# PLL - 2 side recognition Software



## ddollard (Apr 13, 2010)

I am looking for software to that I am able to practice my PLL - 2 side recognition. I remember using one many moons ago, althought have not been able to find it again.

Any help would be appreciated
Thanks
Dwayne


----------



## ddollard (Apr 13, 2010)

*Found Link*

Found the link:

http://t2.technion. ac.il/~syuripe/ PLLRT.zip

It's dead.... Posted by someone by the name of Yuri Pertsovski

My search Continues...
Dwayne


----------



## Lucas Garron (Apr 13, 2010)

http://fn.dy.fi/old/misc/ll/index.pl


----------



## lilkdub503 (Apr 13, 2010)

Whoa! Cool program! But how do you go about it? Do I perform that algorithm? Does it give me like a cheat or hint or something so I can get acclimated?

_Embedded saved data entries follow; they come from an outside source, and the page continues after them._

(* The Dirac derivative d_x f of a paravector field is a combination of the products e_i e_j,
   so it has grade at most 2, and its coefficients at 1, e_k and e_a e_b are exactly the
   left-hand sides of the Riesz system. Right multiplication by I sends an element x of grade
   at most 2 into the span of the eight elements e_j I, and u = x I is recovered from its
   scalar and vector coefficients u_j as u = 16 (u_0 e_0 I + ... + u_7 e_7 I); hence d_x f I
   vanishes as soon as its parts of grade 0 and 1 do. The inclusion of M_R is strict because
   e_4 e_7 I = e_1 e_2 I. *)

section \<open>Products of basis blades\<close>

lemma clmul_add_left: "clmul (cladd x y) z = cladd (clmul x z) (clmul y z)"
  unfolding clmul_def cladd_def
  by (rule ext) (simp add: sum.distrib[symmetric] if_distrib[where f="\<lambda>x. x + _"] algebra_simps cong: if_cong)

lemma clmul_add_right: "clmul z (cladd x y) = cladd (clmul z x) (clmul z y)"
  unfolding clmul_def cladd_def
  by (rule ext) (simp add: sum.distrib[symmetric] if_distrib[where f="\<lambda>x. x + _"] algebra_simps cong: if_cong)

lemma clmul_scale_left: "clmul (clscale r x) z = clscale r (clmul x z)"
  unfolding clmul_def clscale_def
  by (rule ext) (simp add: sum_distrib_left if_distrib algebra_simps cong: if_cong)

lemma clmul_scale_right: "clmul z (clscale r x) = clscale r (clmul z x)"
  unfolding clmul_def clscale_def
  by (rule ext) (simp add: sum_distrib_left if_distrib algebra_simps cong: if_cong)

lemma clmul_zero_left [simp]: "clmul clzero z = clzero"
  unfolding clmul_def clzero_def by (rule ext) (simp only: mult_zero_right mult_zero_left, simp)

lemma clmul_zero_right [simp]: "clmul z clzero = clzero"
  unfolding clmul_def clzero_def by (rule ext) (simp only: mult_zero_right mult_zero_left, simp)

lemma clmul_blade:
  assumes "A \<subseteq> {1..7}" "B \<subseteq> {1..7}"
  shows "clmul (blade A) (blade B) = clscale (blade_sign A B) (blade ((A - B) \<union> (B - A)))"
proof (rule ext)
  fix C
  have "(if (A' - B') \<union> (B' - A') = C then blade_sign A' B' * blade A A' * blade B B' else 0)
     = (if B' = B then if A' = A then if (A - B) \<union> (B - A) = C then blade_sign A B else 0 else 0 else 0)"
    for A' B' by (simp add: blade_def)
  then show "clmul (blade A) (blade B) C = clscale (blade_sign A B) (blade ((A - B) \<union> (B - A))) C"
    unfolding clmul_def using assms by (simp add: clscale_def blade_def sum.delta)
qed

lemma clmul_expand_left:
  "clmul x z C = (\<Sum>A\<in>Pow {1..7}. x A * clmul (blade A) z C)"
proof -
  have "clmul (blade A) z C = (\<Sum>B\<in>Pow {1..7}. if (A - B) \<union> (B - A) = C then blade_sign A B * z B else 0)"
    if "A \<in> Pow {1..7}" for A
  proof -
    have "(if (A' - B) \<union> (B - A') = C then blade_sign A' B * blade A A' * z B else 0)
       = (if A' = A then if (A - B) \<union> (B - A) = C then blade_sign A B * z B else 0 else 0)" for A' B
      by (simp add: blade_def)
    then show ?thesis
      unfolding clmul_def using that by (subst sum.swap) (simp add: sum.delta)
  qed
  then show ?thesis
    by (simp add: clmul_def[of x] sum_distrib_left if_distrib[of "\<lambda>u. x _ * u"] mult_ac cong: if_cong)
qed

definition key_mul :: "nat list \<Rightarrow> nat list \<Rightarrow> nat list" where
  "key_mul xs ys = sort (filter (\<lambda>a. a \<notin> set ys) xs @ filter (\<lambda>b. b \<notin> set xs) ys)"

definition key_sign :: "nat list \<Rightarrow> nat list \<Rightarrow> int" where
  "key_sign xs ys = (-1) ^ (length (filter (\<lambda>(a, b). b < a) (List.product xs ys))
                          + length (filter (\<lambda>a. a \<in> set ys) xs))"

definition is_key :: "nat list \<Rightarrow> bool" where
  "is_key xs \<longleftrightarrow> sorted_wrt (<) xs \<and> set xs \<subseteq> {1..7}"

lemma set_key_mul: "set (key_mul xs ys) = (set xs - set ys) \<union> (set ys - set xs)"
  by (auto simp: key_mul_def)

Looks fun.


----------



## poorshooter (Apr 13, 2010)

hmm, i might have seen something pretty similar to that link's 'petrus Step 1 Step 2' stuff, only for Roux. 1st block and 2nd block. i recently got interested in Roux (again), but failed to find that F2B solver again.. any help?


----------



## Carrot (Apr 13, 2010)

Lucas Garron said:


> http://fn.dy.fi/old/misc/ll/index.pl



lol the fourth PLL I got was a U2 xD


----------



## miniGOINGS (Apr 13, 2010)

poorshooter said:


> hmm, i might have seen something pretty similar to that link's 'petrus Step 1 Step 2' stuff, only for Roux. 1st block and 2nd block. i recently got interested in Roux (again), but failed to find that F2B solver again.. any help?

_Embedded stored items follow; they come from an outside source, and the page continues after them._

(* For all integers $k>1$, \[ c_k=1+O\Bigl(\frac1k\Bigr) \] with an absolute implied constant, where \[ c_k := \frac{2k}{2k-1}\,\frac{\zeta(2-1/k)}{\zeta(2)}\,\zeta(k)^2\prod_{p}\Bigl(1-\frac{2p}{(p+1)p^{k}}\Bigr). \]
   Context: $\zeta$ is the Riemann zeta function and the product is over all primes $p$. *)

theory Defs
  imports "HOL-Analysis.Analysis" "HOL-Computational_Algebra.Primes"
begin

definition zeta :: "real \<Rightarrow> real" where
  "zeta s = (\<Sum>n. 1 / (real (Suc n)) powr s)"

definition prime_prod :: "nat \<Rightarrow> real" where
  "prime_prod k = (\<Prod>p. if prime p then 1 - 2 * real p / ((real p + 1) * real p ^ k) else 1)"

definition c :: "nat \<Rightarrow> real" where
  "c k = (2 * real k / (2 * real k - 1)) * (zeta (2 - 1 / real k) / zeta 2)
           * (zeta (real k))\<^sup>2 * prime_prod k"

end

theory Submission
  imports Defs
begin

(* Each of the four factors of c k is 1 + O(1/k) uniformly in k > 1, and this property is
   closed under products.  Termwise, n^e - 1 <= e n^e ln n
   and ln n <= 4 n^(1/4) give zeta (2 - e) - zeta 2 <= 4 e zeta (7/4 - e) <= 4 e zeta (5/4).
   Next, zeta k - 1 = sum over n >= 2 of n^-k <= 2^(2-k) (zeta 2 - 1).  Finally the Euler
   product lies between 1 and 1 - sum_p 2/p^k >= 1 - 2 (zeta k - 1), by the Weierstrass
   product inequality. *)

lemma summable_zeta:
  assumes "1 < s"
  shows "summable (\<lambda>n. 1 / real (Suc n) powr s)"
proof -
  have "summable (\<lambda>n. real n powr (-s))"
    using assms by (simp add: summable_real_powr_iff)
  then show ?thesis
    by (subst (asm) summable_Suc_iff[symmetric]) (simp add: powr_minus_divide)
qed

lemma zeta_minus_one_eq:
  assumes "1 < s"
  shows "summable (\<lambda>n. 1 / real (n + 2) powr s)"
    and "zeta s - 1 = (\<Sum>n. 1 / real (n + 2) powr s)"
proof -
  have "summable (\<lambda>n. 1 / real (Suc (Suc n)) powr s)"
    using summable_zeta[OF assms] by (subst summable_Suc_iff)
  then show "summable (\<lambda>n. 1 / real (n + 2) powr s)"
    by (simp add: add.commute[of _ 2])
  show "zeta s - 1 = (\<Sum>n. 1 / real (n + 2) powr s)"
    using suminf_split_head[OF summable_zeta[OF assms]]
    by (simp add: zeta_def add.commute[of _ 2])
qed

lemma zeta_ge_one:
  assumes "1 < s"
  shows "1 \<le> zeta s"
proof -
  have "0 \<le> (\<Sum>n. 1 / real (n + 2) powr s)"
    using zeta_minus_one_eq(1)[OF assms] by (intro suminf_nonneg) auto
  then show ?thesis
    using zeta_minus_one_eq(2)[OF assms] by simp
qed

lemma zeta_antimono:
  assumes "1 < s" "s \<le> t"
  shows "zeta t \<le> zeta s"
  unfolding zeta_def
proof (rule suminf_le)
  show "1 / real (Suc n) powr t \<le> 1 / real (Suc n) powr s" for n
    using assms by (intro divide_left_mono powr_mono) auto
qed (use assms summable_zeta[of s] summable_zeta[of t] in auto)

lemma exp_minus_one_le:
  fixes t :: real
  assumes "0 \<le> t"
  shows "exp t - 1 \<le> t * exp t"
proof -
  have "(1 - t) * exp t \<le> exp (-t) * exp t"
    using exp_ge_add_one_self[of "-t"] by (intro mult_right_mono) auto
  then show ?thesis
    by (simp add: exp_minus field_simps)
qed

lemma powr_minus_one_le:
  fixes x e d :: real
  assumes "1 \<le> x" "0 \<le> e" "0 < d"
  shows "x powr e - 1 \<le> e / d * x powr (e + d)"
proof -
  have "x powr e - 1 = exp (e * ln x) - 1"
    using assms by (simp add: powr_def)
  also have "\<dots> \<le> e * ln x * x powr e"
    using exp_minus_one_le[of "e * ln x"] assms by (simp add: powr_def)
  also have "\<dots> \<le> e * (x powr d / d) * x powr e"
    using ln_powr_bound[of x d] assms by (intro mult_right_mono mult_left_mono) auto
  also have "\<dots> = e / d * x powr (e + d)"
    by (simp add: powr_add)
  finally show ?thesis .
qed

lemma zeta_diff_le:
  assumes "0 \<le> e" "0 < d" "1 < s - e - d"
  shows "zeta (s - e) - zeta s \<le> e / d * zeta (s - e - d)"
proof -
  have sum_le: "summable (\<lambda>n. 1 / real (Suc n) powr r)" if "s - e - d \<le> r" for r
    using that assms by (intro summable_zeta) auto
  have "zeta (s - e) - zeta s = (\<Sum>n. 1 / real (Suc n) powr (s - e) - 1 / real (Suc n) powr s)"
    unfolding zeta_def by (rule suminf_diff; rule sum_le) (use assms in auto)
  also have "\<dots> \<le> (\<Sum>n. e / d * (1 / real (Suc n) powr (s - e - d)))"
  proof (rule suminf_le)
    fix n
    let ?x = "real (Suc n)"
    have "1 / ?x powr (s - e) - 1 / ?x powr s = (?x powr e - 1) / ?x powr s"
      by (simp add: powr_diff field_simps)
    also have "\<dots> \<le> e / d * ?x powr (e + d) / ?x powr s"
      using powr_minus_one_le[of ?x e d] assms by (intro divide_right_mono) auto
    also have "\<dots> = e / d * (1 / ?x powr (s - e - d))"
      by (simp add: powr_diff powr_add field_simps)
    finally show "1 / ?x powr (s - e) - 1 / ?x powr s \<le> e / d * (1 / ?x powr (s - e - d))" .
  qed (use assms in \<open>intro summable_diff summable_mult sum_le; linarith\<close>)+
  also have "\<dots> = e / d * zeta (s - e - d)"
    unfolding zeta_def using assms by (intro suminf_mult sum_le) auto
  finally show ?thesis .
qed

lemma zeta_minus_one_le:
  assumes "2 \<le> s"
  shows "zeta s - 1 \<le> 2 powr (2 - s) * (zeta 2 - 1)"
proof -
  have "(\<Sum>n. 1 / real (n + 2) powr s) \<le> (\<Sum>n. 2 powr (2 - s) * (1 / real (n + 2) powr 2))"
  proof (rule suminf_le)
    fix n
    let ?x = "real (n + 2)"
    have "2 powr (s - 2) \<le> ?x powr (s - 2)"
      using assms by (intro powr_mono2) auto
    then have "1 / ?x powr s \<le> 1 / (2 powr (s - 2) * ?x powr 2)"
      by (intro divide_left_mono) (auto simp: powr_diff field_simps)
    then show "1 / ?x powr s \<le> 2 powr (2 - s) * (1 / ?x powr 2)"
      by (simp add: powr_diff field_simps)
  qed (use assms zeta_minus_one_eq(1)[of s] summable_mult[OF zeta_minus_one_eq(1)[of 2]] in auto)
  also have "\<dots> = 2 powr (2 - s) * (zeta 2 - 1)"
    using suminf_mult[OF zeta_minus_one_eq(1)[of 2], of "2 powr (2 - s)"] zeta_minus_one_eq(2)[of 2]
    by simp
  finally show ?thesis
    using zeta_minus_one_eq(2) assms by simp
qed

lemma prodinf_one_minus_bounds:
  fixes a :: "nat \<Rightarrow> real"
  assumes "summable a" and "\<And>n. a n \<in> {0..1}"
  shows "1 - suminf a \<le> (\<Prod>n. 1 - a n)" and "(\<Prod>n. 1 - a n) \<le> 1"
proof -
  have "convergent_prod (\<lambda>n. 1 - a n)"
    using assms by (intro abs_convergent_prod_imp_convergent_prod summable_imp_abs_convergent_prod) auto
  then have lim: "(\<lambda>n. \<Prod>i\<le>n. 1 - a i) \<longlonglongrightarrow> (\<Prod>n. 1 - a n)"
    by (rule convergent_prod_LIMSEQ)
  have "1 - suminf a \<le> (\<Prod>i\<le>n. 1 - a i)" for n
  proof -
    have "sum a {..n} \<le> suminf a"
      using assms by (intro sum_le_suminf) auto
    moreover have "1 - sum a {..n} \<le> (\<Prod>i\<le>n. 1 - a i)"
      using assms by (intro Weierstrass_prod_ineq) auto
    ultimately show ?thesis
      by linarith
  qed
  then show "1 - suminf a \<le> (\<Prod>n. 1 - a n)"
    by (intro LIMSEQ_le_const[OF lim]) auto
  have "(\<Prod>i\<le>n. 1 - a i) \<le> 1" for n
    using assms by (intro prod_le_1) auto
  then show "(\<Prod>n. 1 - a n) \<le> 1"
    by (intro LIMSEQ_le_const2[OF lim]) auto
qed

lemma euler_factor_le:
  fixes p k :: nat
  shows "2 * real p / ((real p + 1) * real p ^ k) \<le> 2 / real p ^ k"
proof -
  have "2 * real p / ((real p + 1) * real p ^ k) = 2 / real p ^ k * (real p / (real p + 1))"
    by simp
  also have "\<dots> \<le> 2 / real p ^ k"
    by (intro mult_left_le) auto
  finally show ?thesis .
qed

lemma prime_prod_bounds:
  assumes "2 \<le> k"
  shows "1 - 2 * (zeta k - 1) \<le> prime_prod k" and "prime_prod k \<le> 1"
proof -
  define a where "a n = (if prime n then 2 * real n / ((real n + 1) * real n ^ k) else 0)" for n
  have a_le: "a n \<le> 2 / real n ^ k" for n
    using euler_factor_le[of n k] by (auto simp: a_def)
  have a_shift_le: "a (n + 2) \<le> 2 * (1 / real (n + 2) powr k)" for n
    using a_le[of "n + 2"] by (simp add: powr_realpow)
  have a_bounds: "a n \<in> {0..1}" for n
  proof (cases "n < 2")
    case False
    then have "real n ^ 1 \<le> real n ^ k"
      using assms by (intro power_increasing) auto
    then have "2 \<le> real n ^ k"
      using False by (simp only: power_one_right)
    then have "2 / real n ^ k \<le> 1"
      using False by (simp add: divide_le_eq_1)
    moreover have "0 \<le> a n"
      by (simp add: a_def)
    ultimately show ?thesis
      using a_le[of n] by simp
  qed (auto simp: a_def dest: prime_ge_2_nat)
  have sum_shift: "summable (\<lambda>n. 2 * (1 / real (n + 2) powr k))"
    using assms by (intro summable_mult zeta_minus_one_eq(1)) auto
  have "summable (\<lambda>n. a (n + 2))"
    using a_bounds a_shift_le by (intro summable_comparison_test[OF _ sum_shift]) auto
  then have sum_a: "summable a"
    by (rule summable_iff_shift[THEN iffD1])
  have "sum a {..<2} = 0"
    by (simp add: a_def numeral_2_eq_2)
  then have "suminf a = (\<Sum>n. a (n + 2))"
    using suminf_split_initial_segment[OF sum_a, of 2] by simp
  also have "\<dots> \<le> (\<Sum>n. 2 * (1 / real (n + 2) powr k))"
    using a_shift_le by (intro suminf_le sum_shift \<open>summable (\<lambda>n. a (n + 2))\<close>)
  also have "\<dots> = 2 * (zeta k - 1)"
    using assms suminf_mult[OF zeta_minus_one_eq(1), of k 2] zeta_minus_one_eq(2)[of k] by simp
  finally have "suminf a \<le> 2 * (zeta k - 1)" .
  moreover have "prime_prod k = (\<Prod>n. 1 - a n)"
    unfolding prime_prod_def a_def by (intro prodinf_cong) simp
  ultimately show "1 - 2 * (zeta k - 1) \<le> prime_prod k" and "prime_prod k \<le> 1"
    using prodinf_one_minus_bounds[OF sum_a a_bounds] by auto
qed

lemma abs_mult_minus_one_le:
  fixes x y a b u :: real
  assumes x: "\<bar>x - 1\<bar> \<le> a * u" and y: "\<bar>y - 1\<bar> \<le> b * u" and "0 \<le> b" "u \<le> 1"
  shows "\<bar>x * y - 1\<bar> \<le> (a + b + a * b) * u"
proof -
  have "x * y - 1 = (x - 1) * (y - 1) + (x - 1) + (y - 1)"
    by (simp add: algebra_simps)
  then have "\<bar>x * y - 1\<bar> \<le> \<bar>x - 1\<bar> * \<bar>y - 1\<bar> + \<bar>x - 1\<bar> + \<bar>y - 1\<bar>"
    using abs_triangle_ineq[of "(x - 1) * (y - 1) + (x - 1)" "y - 1"]
      abs_triangle_ineq[of "(x - 1) * (y - 1)" "x - 1"]
    by (simp only: abs_mult)
  also have "\<dots> \<le> (a * u) * (b * u) + a * u + b * u"
    using x y by (intro add_mono mult_mono) auto
  also have "(a * u) * (b * u) \<le> (a * u) * b"
    using x assms(3,4) by (intro mult_left_mono) (auto simp: mult_left_le)
  finally show ?thesis
    by (simp add: algebra_simps)
qed

definition one_plus_O_inverse :: "(nat \<Rightarrow> real) \<Rightarrow> bool" where
  "one_plus_O_inverse f \<longleftrightarrow> (\<exists>C. \<forall>k > 1. \<bar>f k - 1\<bar> \<le> C / real k)"

lemma one_plus_O_inverse_mult:
  assumes "one_plus_O_inverse f" and "one_plus_O_inverse g"
  shows "one_plus_O_inverse (\<lambda>k. f k * g k)"
proof -
  obtain A where A: "\<And>k. k > 1 \<Longrightarrow> \<bar>f k - 1\<bar> \<le> A * (1 / real k)"
    using assms(1) by (auto simp: one_plus_O_inverse_def)
  obtain B where B: "\<And>k. k > 1 \<Longrightarrow> \<bar>g k - 1\<bar> \<le> B * (1 / real k)"
    using assms(2) by (auto simp: one_plus_O_inverse_def)
  have "\<bar>g 2 - 1\<bar> \<le> B / 2"
    using B[of 2] by simp
  then have "0 \<le> B"
    using abs_ge_zero[of "g 2 - 1"] by linarith
  then have "\<bar>f k * g k - 1\<bar> \<le> (A + B + A * B) / real k" if "k > 1" for k
    using abs_mult_minus_one_le[OF A B] that by simp
  then show ?thesis
    unfolding one_plus_O_inverse_def by blast
qed

lemma one_plus_O_inverse_ratio: "one_plus_O_inverse (\<lambda>k. 2 * real k / (2 * real k - 1))"
  unfolding one_plus_O_inverse_def
proof (intro exI[of _ 1] allI impI)
  fix k :: nat
  assume "k > 1"
  then have "2 * real k / (2 * real k - 1) - 1 = 1 / (2 * real k - 1)"
    by (simp add: field_simps)
  moreover have "1 / (2 * real k - 1) \<le> 1 / real k"
    using \<open>k > 1\<close> by (intro divide_left_mono) auto
  moreover have "0 \<le> 1 / (2 * real k - 1)"
    using \<open>k > 1\<close> by simp
  ultimately show "\<bar>2 * real k / (2 * real k - 1) - 1\<bar> \<le> 1 / real k"
    by simp
qed

lemma one_plus_O_inverse_zeta_ratio: "one_plus_O_inverse (\<lambda>k. zeta (2 - 1 / real k) / zeta 2)"
  unfolding one_plus_O_inverse_def
proof (intro exI[of _ "4 * zeta (5 / 4)"] allI impI)
  fix k :: nat
  assume "k > 1"
  define e where "e = 1 / real k"
  have e: "0 < e" "e \<le> 1 / 2"
    using \<open>k > 1\<close> by (auto simp: e_def field_simps)
  have z2: "1 \<le> zeta 2"
    by (rule zeta_ge_one) simp
  have diff_nonneg: "0 \<le> zeta (2 - e) - zeta 2"
    using e zeta_antimono[of "2 - e" 2] by auto
  have "zeta (2 - e) - zeta 2 \<le> e / (1 / 4) * zeta (2 - e - 1 / 4)"
    using e by (intro zeta_diff_le) auto
  also have "\<dots> \<le> e / (1 / 4) * zeta (5 / 4)"
    using e by (intro mult_left_mono zeta_antimono) auto
  finally have diff_le: "zeta (2 - e) - zeta 2 \<le> 4 * zeta (5 / 4) * e"
    by (simp add: mult_ac)
  have "\<bar>zeta (2 - e) / zeta 2 - 1\<bar> = (zeta (2 - e) - zeta 2) / zeta 2"
    using diff_nonneg z2 by (simp add: diff_divide_distrib)
  also have "\<dots> \<le> zeta (2 - e) - zeta 2"
    using diff_nonneg z2 by (simp add: divide_le_eq mult_le_cancel_left1)
  finally show "\<bar>zeta (2 - 1 / real k) / zeta 2 - 1\<bar> \<le> 4 * zeta (5 / 4) / real k"
    using diff_le by (simp add: e_def)
qed

lemma zeta_minus_one_le_inverse:
  assumes "2 \<le> k"
  shows "zeta (real k) - 1 \<le> 4 * (zeta 2 - 1) / real k"
proof -
  have "2 powr (2 - real k) = 4 / 2 ^ k"
    by (simp add: powr_diff powr_realpow)
  also have "\<dots> \<le> 4 / real k"
    using assms by (intro divide_left_mono) (auto simp: less_imp_le)
  finally have "2 powr (2 - real k) * (zeta 2 - 1) \<le> 4 / real k * (zeta 2 - 1)"
    using zeta_ge_one[of 2] by (intro mult_right_mono) auto
  then show ?thesis
    using zeta_minus_one_le[of k] assms by simp
qed

lemma one_plus_O_inverse_zeta: "one_plus_O_inverse (\<lambda>k. zeta (real k))"
  unfolding one_plus_O_inverse_def
proof (intro exI[of _ "4 * (zeta 2 - 1)"] allI impI)
  fix k :: nat
  assume "k > 1"
  then show "\<bar>zeta (real k) - 1\<bar> \<le> 4 * (zeta 2 - 1) / real k"
    using zeta_ge_one[of k] zeta_minus_one_le_inverse[of k] by simp
qed

lemma one_plus_O_inverse_prime_prod: "one_plus_O_inverse prime_prod"
  unfolding one_plus_O_inverse_def
proof (intro exI[of _ "8 * (zeta 2 - 1)"] allI impI)
  fix k :: nat
  assume "k > 1"
  then have "\<bar>prime_prod k - 1\<bar> = 1 - prime_prod k"
    using prime_prod_bounds(2)[of k] by simp
  also have "\<dots> \<le> 2 * (zeta (real k) - 1)"
    using prime_prod_bounds(1)[of k] \<open>k > 1\<close> by simp
  also have "\<dots> \<le> 2 * (4 * (zeta 2 - 1) / real k)"
    using zeta_minus_one_le_inverse[of k] \<open>k > 1\<close> by (intro mult_left_mono) auto
  finally show "\<bar>prime_prod k - 1\<bar> \<le> 8 * (zeta 2 - 1) / real k"
    by simp
qed

theorem theorem3p1:
  shows "\<exists>C::real. \<forall>k::nat. k > 1 \<longrightarrow> \<bar>c k - 1\<bar> \<le> C / real k"
proof -
  have c_eq: "c = (\<lambda>k. (2 * real k / (2 * real k - 1) * (zeta (2 - 1 / real k) / zeta 2))
                 * (zeta (real k) * zeta (real k)) * prime_prod k)"
    by (simp add: fun_eq_iff c_def power2_eq_square)
  have "one_plus_O_inverse c"
    unfolding c_eq
    by (intro one_plus_O_inverse_mult one_plus_O_inverse_ratio one_plus_O_inverse_zeta_ratio
        one_plus_O_inverse_zeta one_plus_O_inverse_prime_prod)
  then show ?thesis
    unfolding one_plus_O_inverse_def .
qed

end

Hmm, I've had no such luck looking for it (mostly because I don't know the name). I would be really interested if someone could find it.


----------



## chris410 (Apr 13, 2010)

I have been using this site: http://brunson.com/drillsergeant/


----------



## Johannes91 (Apr 13, 2010)

Lucas Garron said:


> http://fn.dy.fi/old/misc/ll/index.pl


Ha, I've had an unfinished version of that with more features lying around for almost 2 years now... Didn't think anyone would use it, there are some nice programs for LL recognition/alg practice out there already.



poorshooter said:


> hmm, i might have seen something pretty similar to that link's 'petrus Step 1 Step 2' stuff, only for Roux. 1st block and 2nd block. i recently got interested in Roux (again), but failed to find that F2B solver again.. any help?


This?


----------



## poorshooter (Apr 14, 2010)

Johannes91 said:


> This?



precisely what i was looking for..! thanks!


----------